(* Let $a>0$, $\tau>0$ with $\tau\le a$. Then every eigenvalue $\lambda\in\mathbb{C}$ of $\mathcal{A}$ satisfies $\Re\lambda<0$.
   Context: Let $H_1$ and $H$ be Hilbert spaces, let $B:D(B)\subset H_1\to H$ be a linear unbounded operator and $B^*:D(B^* )\subset H\to H_1$ its adjoint. Assume there is $C>0$ with $\|B^*v\|_{H_1}\ge C\|v\|_H$ for all $v\in D(B^* )$, that $V:=D(B^* )$ is complete for the norm $\|B^*v\|_{H_1}$, and that $V$ is compactly embedded into $H$. Let $\mathcal{H}:=D(B^* )\times H\times L^2(0,1;H_1)$. Define $\mathcal{A}(u,v,z)=\big(v,\,-B(aB^*v+z(1)),\,-\tau^{-1}z_\rho\big)$ with domain $D(\mathcal{A})=\{(u,v,z)\in D(B^* )\times D(B^* )\times H^1(0,1;H_1):\ aB^*v+z(1)\in D(B),\ B^*u=z(0)\}$. *)

theory Defs
  imports "HOL-Analysis.Analysis"
begin

text \<open>Real Hilbert spaces are types of class real_inner and complete_space.
  An unbounded operator B with domain DB is a function on the whole type
  whose values are only relevant on DB.\<close>

definition lin_op :: "'a::real_vector set \<Rightarrow> ('a \<Rightarrow> 'b::real_vector) \<Rightarrow> bool" where
  "lin_op D T \<longleftrightarrow> subspace D \<and>
     (\<forall>x\<in>D. \<forall>y\<in>D. T (x + y) = T x + T y) \<and>
     (\<forall>c. \<forall>x\<in>D. T (c *\<^sub>R x) = c *\<^sub>R T x)"

definition is_adjoint ::
  "'a::real_inner set \<Rightarrow> ('a \<Rightarrow> 'b::real_inner) \<Rightarrow> 'b set \<Rightarrow> ('b \<Rightarrow> 'a) \<Rightarrow> bool" where
  "is_adjoint DB B DBs Bs \<longleftrightarrow>
     DBs = {v. \<exists>w. \<forall>u\<in>DB. inner (B u) v = inner u w} \<and>
     (\<forall>v\<in>DBs. \<forall>u\<in>DB. inner (B u) v = inner u (Bs v))"

text \<open>z belongs to H^1(0,1;H1) with (weak) derivative z': z' is square
  integrable on [0,1] and z is its primitive.\<close>
definition H1_pair :: "(real \<Rightarrow> 'a::real_normed_vector) \<Rightarrow> (real \<Rightarrow> 'a) \<Rightarrow> bool" where
  "H1_pair z z' \<longleftrightarrow> (\<lambda>s. (norm (z' s))\<^sup>2) integrable_on {0..1} \<and>
     (\<forall>\<rho>\<in>{0..1}. (z' has_integral (z \<rho> - z 0)) {0..\<rho>})"

text \<open>Domain of the operator A; an element is (u, v, z, z') with z' the
  derivative of z.\<close>
definition domA ::
  "'h1 set \<Rightarrow> ('h1 \<Rightarrow> 'h) \<Rightarrow> 'h set \<Rightarrow> ('h \<Rightarrow> 'h1) \<Rightarrow> real
     \<Rightarrow> ('h \<times> 'h \<times> (real \<Rightarrow> 'h1::real_normed_vector) \<times> (real \<Rightarrow> 'h1)) set" where
  "domA DB B DBs Bs a = {(u, v, z, z'). u \<in> DBs \<and> v \<in> DBs \<and> H1_pair z z' \<and>
      a *\<^sub>R Bs v + z 1 \<in> DB \<and> Bs u = z 0}"

definition opA ::
  "('h1 \<Rightarrow> 'h::real_vector) \<Rightarrow> ('h \<Rightarrow> 'h1::real_vector) \<Rightarrow> real \<Rightarrow> real
     \<Rightarrow> ('h \<times> 'h \<times> (real \<Rightarrow> 'h1) \<times> (real \<Rightarrow> 'h1)) \<Rightarrow> ('h \<times> 'h \<times> (real \<Rightarrow> 'h1))" where
  "opA B Bs a \<tau> U = (case U of (u, v, z, z') \<Rightarrow>
      (v, - B (a *\<^sub>R Bs v + z 1), (\<lambda>s. - (1 / \<tau>) *\<^sub>R z' s)))"

text \<open>Equality in the state space D(B*) x H x L^2(0,1;H1)
  (third component up to null sets).\<close>
definition st_eq :: "('h \<times> 'h \<times> (real \<Rightarrow> 'h1)) \<Rightarrow> ('h \<times> 'h \<times> (real \<Rightarrow> 'h1)) \<Rightarrow> bool" where
  "st_eq X Y = (case X of (u, v, f) \<Rightarrow> case Y of (u', v', g) \<Rightarrow>
      u = u' \<and> v = v' \<and> (AE s in lborel. s \<in> {0..1} \<longrightarrow> f s = g s))"

definition st_zero :: "'h::zero \<times> 'h \<times> (real \<Rightarrow> 'h1::zero) \<Rightarrow> bool" where
  "st_zero X = st_eq X (0, 0, (\<lambda>_. 0))"

definition st_lin :: "real \<Rightarrow> ('h::real_vector \<times> 'h \<times> (real \<Rightarrow> 'h1::real_vector))
     \<Rightarrow> real \<Rightarrow> ('h \<times> 'h \<times> (real \<Rightarrow> 'h1)) \<Rightarrow> ('h \<times> 'h \<times> (real \<Rightarrow> 'h1))" where
  "st_lin c X d Y = (case X of (u, v, f) \<Rightarrow> case Y of (u', v', g) \<Rightarrow>
      (c *\<^sub>R u + d *\<^sub>R u', c *\<^sub>R v + d *\<^sub>R v', (\<lambda>s. c *\<^sub>R f s + d *\<^sub>R g s)))"

definition st_of :: "'h \<times> 'h \<times> (real \<Rightarrow> 'h1) \<times> (real \<Rightarrow> 'h1) \<Rightarrow> 'h \<times> 'h \<times> (real \<Rightarrow> 'h1)" where
  "st_of U = (case U of (u, v, z, z') \<Rightarrow> (u, v, z))"

text \<open>lambda = alpha + i beta is an eigenvalue of (the complexification of) A:
  there is a nonzero U = U1 + i U2 with U1, U2 in D(A) and A U = lambda U.\<close>
definition is_eigenvalue_A ::
  "'h1::real_normed_vector set \<Rightarrow> ('h1 \<Rightarrow> 'h::real_normed_vector) \<Rightarrow> 'h set \<Rightarrow> ('h \<Rightarrow> 'h1)
     \<Rightarrow> real \<Rightarrow> real \<Rightarrow> complex \<Rightarrow> bool" where
  "is_eigenvalue_A DB B DBs Bs a \<tau> lam \<longleftrightarrow>
     (\<exists>U1 U2. U1 \<in> domA DB B DBs Bs a \<and> U2 \<in> domA DB B DBs Bs a \<and>
        \<not> (st_zero (st_of U1) \<and> st_zero (st_of U2)) \<and>
        st_eq (opA B Bs a \<tau> U1) (st_lin (Re lam) (st_of U1) (- Im lam) (st_of U2)) \<and>
        st_eq (opA B Bs a \<tau> U2) (st_lin (Im lam) (st_of U1) (Re lam) (st_of U2)))"

end

theory Submission
  imports Defs
begin

text \<open>Let \<open>\<lambda> = \<alpha> + i\<beta>\<close> be an eigenvalue with complexified eigenvector \<open>(u, \<lambda>u, z)\<close>, and put
  \<open>p = B*u = z(0)\<close>. Pairing the boundary equation \<open>-B(aB*v + z(1)) = \<lambda>\<^sup>2u\<close> with \<open>u\<close> gives
  \<open>-\<lambda>\<^sup>2|u|\<^sup>2 = a\<lambda>|p|\<^sup>2 + \<langle>z(1), p\<rangle>\<close>. The scalar function \<open>S + iT = \<langle>z(\<rho>), p\<rangle>\<close> solves
  \<open>W' = -\<tau>\<lambda>W\<close>, \<open>W(0) = |p|\<^sup>2\<close>, so \<open>|W|\<close> is nonincreasing for \<open>\<alpha> \<ge> 0\<close>, whence \<open>\<integral>S \<le> |p|\<^sup>2\<close>.
  Integrating the equation over \<open>[0,1]\<close>, the real part of \<open>\<lambda>\<close>-conjugate times the identity becomes
  \<open>|\<lambda>|\<^sup>2\<alpha>|u|\<^sup>2 + (a - \<tau>)|\<lambda>|\<^sup>2|p|\<^sup>2 + \<tau>|\<lambda>|\<^sup>2(|p|\<^sup>2 - \<integral>S) + \<alpha>|p|\<^sup>2 = 0\<close>.
  For \<open>\<alpha> \<ge> 0\<close> and \<open>\<tau> \<le> a\<close> all four terms are nonnegative, which forces \<open>p = 0\<close>; coercivity
  of \<open>B*\<close> then gives \<open>u = 0\<close>, and the decay of \<open>|W|\<close> for arbitrary pairings gives \<open>z = 0\<close>.\<close>

lemma AE_lborel_obtain_negligible:
  assumes "AE s in lborel. P s"
  obtains N where "negligible N" "\<And>s. s \<notin> N \<Longrightarrow> P s"
proof -
  from assms obtain N where N: "N \<in> null_sets lborel" "{s \<in> space lborel. \<not> P s} \<subseteq> N"
    by (auto simp: eventually_ae_filter)
  have "negligible N"
    using N(1) by (simp add: negligible_iff_null_sets null_sets_completionI)
  with N(2) show ?thesis
    using that by auto
qed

_ _ _ _

EXERCISE GOAL
Look through the entries above and quote exactly the lines from the line with "theory Defs" to the line with "DBs Bs \<longleftrightarrow>", counting both of those lines.

SOLVED PROBLEM
theory Defs
  imports "HOL-Analysis.Analysis"
begin

text \<open>Real Hilbert spaces are types of class real_inner and complete_space.
  An unbounded operator B with domain DB is a function on the whole type
  whose values are only relevant on DB.\<close>

definition lin_op :: "'a::real_vector set \<Rightarrow> ('a \<Rightarrow> 'b::real_vector) \<Rightarrow> bool" where
  "lin_op D T \<longleftrightarrow> subspace D \<and>
     (\<forall>x\<in>D. \<forall>y\<in>D. T (x + y) = T x + T y) \<and>
     (\<forall>c. \<forall>x\<in>D. T (c *\<^sub>R x) = c *\<^sub>R T x)"

definition is_adjoint ::
  "'a::real_inner set \<Rightarrow> ('a \<Rightarrow> 'b::real_inner) \<Rightarrow> 'b set \<Rightarrow> ('b \<Rightarrow> 'a) \<Rightarrow> bool" where
  "is_adjoint DB B DBs Bs \<longleftrightarrow>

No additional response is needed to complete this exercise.